(Records for processing)

(* For classes $[\mathcal{K}],[\mathcal{J}]\in\mathbb{P}(\mathcal{C})$: (1) $\Delta([\mathcal{K}],[\mathcal{J}])=1$ if and only if $\delta([\mathcal{K}],[\mathcal{J}])=1$; (2) if $\delta([\mathcal{K}],[\mathcal{J}])=2$, then $\Delta([\mathcal{K}],[\mathcal{J}])=2$.
   Context: $\mathcal{C}$ is the smooth knot concordance group; $d(\mathcal{K},\mathcal{J})=g_4(\mathcal{K}\,\#\,-\mathcal{J})$, $g_4$ the smooth four-genus. Let $\mathcal{C}^\circ=\mathcal{C}\setminus\{0\}$; $\mathcal{K}\sim'\mathcal{J}$ if there exist $\mathcal{M}\in\mathcal{C}$ and $r,s\in\mathbb{Z}$ with $\mathcal{K}=r\mathcal{M}$, $\mathcal{J}=s\mathcal{M}$; $\sim$ is the equivalence relation generated by $\sim'$; $\mathbb{P}(\mathcal{C})=\mathcal{C}^\circ/\sim$. Define $\delta([\mathcal{K}],[\mathcal{J}])=\min\{d(\mathcal{K}',\mathcal{J}'):\mathcal{K}'\in[\mathcal{K}],\mathcal{J}'\in[\mathcal{J}]\}$ and $\Delta([\mathcal{K}],[\mathcal{J}])=\min\sum_{i=0}^{n-1}\delta([\mathcal{K}_i],[\mathcal{K}_{i+1}])$ over all finite sequences of classes with $[\mathcal{K}_0]=[\mathcal{K}]$, $[\mathcal{K}_n]=[\mathcal{J}]$. *)

theory Defs
  imports Main
begin

text \<open>Abstract model: the concordance group is modelled by an arbitrary abelian
group (type class ab_group_add), the smooth four-genus by a function g4 into nat.\<close>

definition zsmul :: "int \<Rightarrow> 'a::ab_group_add \<Rightarrow> 'a" where
  "zsmul r x = (if r \<ge> 0 then (\<Sum>_\<in>{..<nat r}. x) else - (\<Sum>_\<in>{..<nat (- r)}. x))"

definition cdist :: "('a::ab_group_add \<Rightarrow> nat) \<Rightarrow> 'a \<Rightarrow> 'a \<Rightarrow> nat" where
  "cdist g4 K J = g4 (K + - J)"

definition Cnz :: "'a::ab_group_add set" where
  "Cnz = UNIV - {0}"

definition prerel :: "'a::ab_group_add \<Rightarrow> 'a \<Rightarrow> bool" where
  "prerel K J \<longleftrightarrow> (\<exists>M r s. K = zsmul r M \<and> J = zsmul s M)"

definition simrel :: "('a::ab_group_add \<times> 'a) set" where
  "simrel = (Id_on Cnz \<union> {(K, J). K \<in> Cnz \<and> J \<in> Cnz \<and> prerel K J}
             \<union> {(K, J). K \<in> Cnz \<and> J \<in> Cnz \<and> prerel J K})\<^sup>*"

definition PC :: "'a::ab_group_add set set" where
  "PC = Cnz // simrel"

definition delta :: "('a::ab_group_add \<Rightarrow> nat) \<Rightarrow> 'a set \<Rightarrow> 'a set \<Rightarrow> nat" where
  "delta g4 A B = Inf {cdist g4 K' J' | K' J'. K' \<in> A \<and> J' \<in> B}"

definition Delta :: "('a::ab_group_add \<Rightarrow> nat) \<Rightarrow> 'a set \<Rightarrow> 'a set \<Rightarrow> nat" where
  "Delta g4 A B = Inf {sum_list (map2 (delta g4) xs (tl xs)) | xs.
      xs \<noteq> [] \<and> hd xs = A \<and> last xs = B \<and> set xs \<subseteq> PC}"

end

theory Submission
  imports Defs
begin

text \<open>A \<open>Delta\<close>-minimising chain of total weight at
  most \<open>1\<close> therefore consists of repetitions of its endpoints joined by at most one step of
  weight \<open>1\<close>, so \<open>Delta = delta\<close> whenever \<open>Delta \<le> 1\<close>. Together with
  \<open>Delta \<le> delta\<close> (the one-step chain) this gives both claims.\<close>

lemma equiv_simrel: "equiv UNIV (simrel :: ('a::ab_group_add \<times> 'a) set)"
proof (rule equivI)
  show "sym (simrel :: ('a \<times> 'a) set)"
    unfolding simrel_def by (rule sym_rtrancl) (auto simp: sym_def)
qed (auto simp: simrel_def refl_rtrancl trans_rtrancl)

lemma PC_subset_quotient: "PC \<subseteq> UNIV // (simrel :: ('a::ab_group_add \<times> 'a) set)"
  unfolding PC_def quotient_def by blast

lemma PC_nonempty: "X \<in> PC \<Longrightarrow> X \<noteq> {}"
  using in_quotient_imp_non_empty[OF equiv_simrel] PC_subset_quotient by blast

lemma PC_eq_if_common_element: "X \<in> PC \<Longrightarrow> Y \<in> PC \<Longrightarrow> z \<in> X \<Longrightarrow> z \<in> Y \<Longrightarrow> X = Y"
  using quotient_disj[OF equiv_simrel] PC_subset_quotient by blast

lemma chain_weight_le_one:
  fixes d :: "'b \<Rightarrow> 'b \<Rightarrow> nat"
  assumes d_eq_0_iff: "\<And>x y. x \<in> S \<Longrightarrow> y \<in> S \<Longrightarrow> d x y = 0 \<longleftrightarrow> x = y"
    and "xs \<noteq> []" "set xs \<subseteq> S" "sum_list (map2 d xs (tl xs)) \<le> 1"
  shows "d (hd xs) (last xs) = sum_list (map2 d xs (tl xs))"
  using assms(2-)
proof (induction xs rule: induct_list012)
  case (2 x)
  then show ?case using d_eq_0_iff by simp
next
  case (3 x y rest)
  let ?w = "sum_list (map2 d (y # rest) rest)"
  have x: "x \<in> S" and y: "y \<in> S" using "3.prems" by auto
  have weight: "d x y + ?w \<le> 1" using "3.prems" by simp
  have IH: "d y (last (y # rest)) = ?w" using "3.IH"(2) "3.prems" by simp
  show ?case
  proof (cases "d x y = 0")
    case True
    then show ?thesis using IH d_eq_0_iff[OF x y] by simp
  next
    case False
    then have "?w = 0" using weight by linarith
    have "last (y # rest) \<in> S" using "3.prems"(2) by auto
    moreover have "d y (last (y # rest)) = 0" using IH \<open>?w = 0\<close> by simp
    ultimately have "last (y # rest) = y" using d_eq_0_iff[OF y] by metis
    then show ?thesis using \<open>?w = 0\<close> by simp
  qed
qed simp

lemma delta_attained:
  assumes "X \<in> PC" "Y \<in> PC"
  obtains K J where "K \<in> X" "J \<in> Y" "delta g4 X Y = cdist g4 K J"
proof -
  let ?S = "{cdist g4 K' J' | K' J'. K' \<in> X \<and> J' \<in> Y}"
  obtain K J where "K \<in> X" "J \<in> Y" using PC_nonempty assms by blast
  then have "?S \<noteq> {}" by blast
  then have "Inf ?S \<in> ?S" by (rule Inf_nat_def1)
  then show ?thesis using that unfolding delta_def by blast
qed

lemma Delta_le_delta:
  assumes "A \<in> PC" "B \<in> PC"
  shows "Delta g4 A B \<le> delta g4 A B"
proof -
  have "delta g4 A B \<in> {sum_list (map2 (delta g4) xs (tl xs)) | xs.
      xs \<noteq> [] \<and> hd xs = A \<and> last xs = B \<and> set xs \<subseteq> PC}"
    using assms by (intro CollectI exI[of _ "[A, B]"]) simp
  then show ?thesis unfolding Delta_def by (rule cInf_lower) simp
qed

lemma Delta_attained:
  assumes "A \<in> PC" "B \<in> PC"
  obtains xs where "xs \<noteq> []" "hd xs = A" "last xs = B" "set xs \<subseteq> PC"
    "Delta g4 A B = sum_list (map2 (delta g4) xs (tl xs))"
proof -
  let ?S = "{sum_list (map2 (delta g4) xs (tl xs)) | xs.
      xs \<noteq> [] \<and> hd xs = A \<and> last xs = B \<and> set xs \<subseteq> PC}"
  have "delta g4 A B \<in> ?S"
    using assms by (intro CollectI exI[of _ "[A, B]"]) simp
  then have "Inf ?S \<in> ?S" by (intro Inf_nat_def1) blast
  then show ?thesis using that unfolding Delta_def by blast
qed

context
  fixes g4 :: "'a::ab_group_add \<Rightarrow> nat"
  assumes g4_zero: "\<And>x. g4 x = 0 \<longleftrightarrow> x = 0"
begin

lemma cdist_eq_0_iff: "cdist g4 K J = 0 \<longleftrightarrow> K = J"
  unfolding cdist_def g4_zero by simp

lemma delta_eq_0_iff:
  assumes "X \<in> PC" "Y \<in> PC"
  shows "delta g4 X Y = 0 \<longleftrightarrow> X = Y"
proof
  assume "delta g4 X Y = 0"
  obtain K J where "K \<in> X" "J \<in> Y" "delta g4 X Y = cdist g4 K J"
    using delta_attained[OF assms] .
  with \<open>delta g4 X Y = 0\<close> have "K = J" using cdist_eq_0_iff by simp
  then show "X = Y" using PC_eq_if_common_element assms \<open>K \<in> X\<close> \<open>J \<in> Y\<close> by blast
next
  assume "X = Y"
  obtain K where "K \<in> X" using PC_nonempty[OF assms(1)] by blast
  then have "0 \<in> {cdist g4 K' J' | K' J'. K' \<in> X \<and> J' \<in> X}"
    using cdist_eq_0_iff by force
  then have "delta g4 X X \<le> 0" unfolding delta_def by (rule cInf_lower) simp
  then show "delta g4 X Y = 0" using \<open>X = Y\<close> by simp
qed

lemma Delta_eq_delta_if_le_one:
  assumes "A \<in> PC" "B \<in> PC" "Delta g4 A B \<le> 1"
  shows "Delta g4 A B = delta g4 A B"
proof -
  obtain xs where xs: "xs \<noteq> []" "hd xs = A" "last xs = B" "set xs \<subseteq> PC"
    and Delta_eq: "Delta g4 A B = sum_list (map2 (delta g4) xs (tl xs))"
    using Delta_attained[OF assms(1,2)] by blast
  show ?thesis
    using chain_weight_le_one[of PC "delta g4" xs] delta_eq_0_iff xs Delta_eq assms(3)
    by simp
qed

end

theorem theorem6p3:
  fixes g4 :: "'a::ab_group_add \<Rightarrow> nat" and A B :: "'a set"
  assumes g4_zero: "\<And>x. g4 x = 0 \<longleftrightarrow> x = 0"
    and g4_neg: "\<And>x. g4 (- x) = g4 x"
    and g4_sub: "\<And>x y. g4 (x + y) \<le> g4 x + g4 y"
    and A: "A \<in> PC" and B: "B \<in> PC"
  shows "(Delta g4 A B = 1 \<longleftrightarrow> delta g4 A B = 1)
         \<and> (delta g4 A B = 2 \<longrightarrow> Delta g4 A B = 2)"
proof -
  have le: "Delta g4 A B \<le> delta g4 A B"
    using Delta_le_delta[OF A B] .
  have eq: "Delta g4 A B \<le> 1 \<Longrightarrow> Delta g4 A B = delta g4 A B"
    using Delta_eq_delta_if_le_one[OF g4_zero A B] .
  show ?thesis
  proof (cases "Delta g4 A B \<le> 1")
    case True
    then show ?thesis using eq by auto
  next
    case False
    then show ?thesis using le by auto
  qed
qed

end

(End Records for processing)

### Your instructions
Work out how many lines in the records above include the string "union", and provide that figure with no other text.

### Solution to this task
2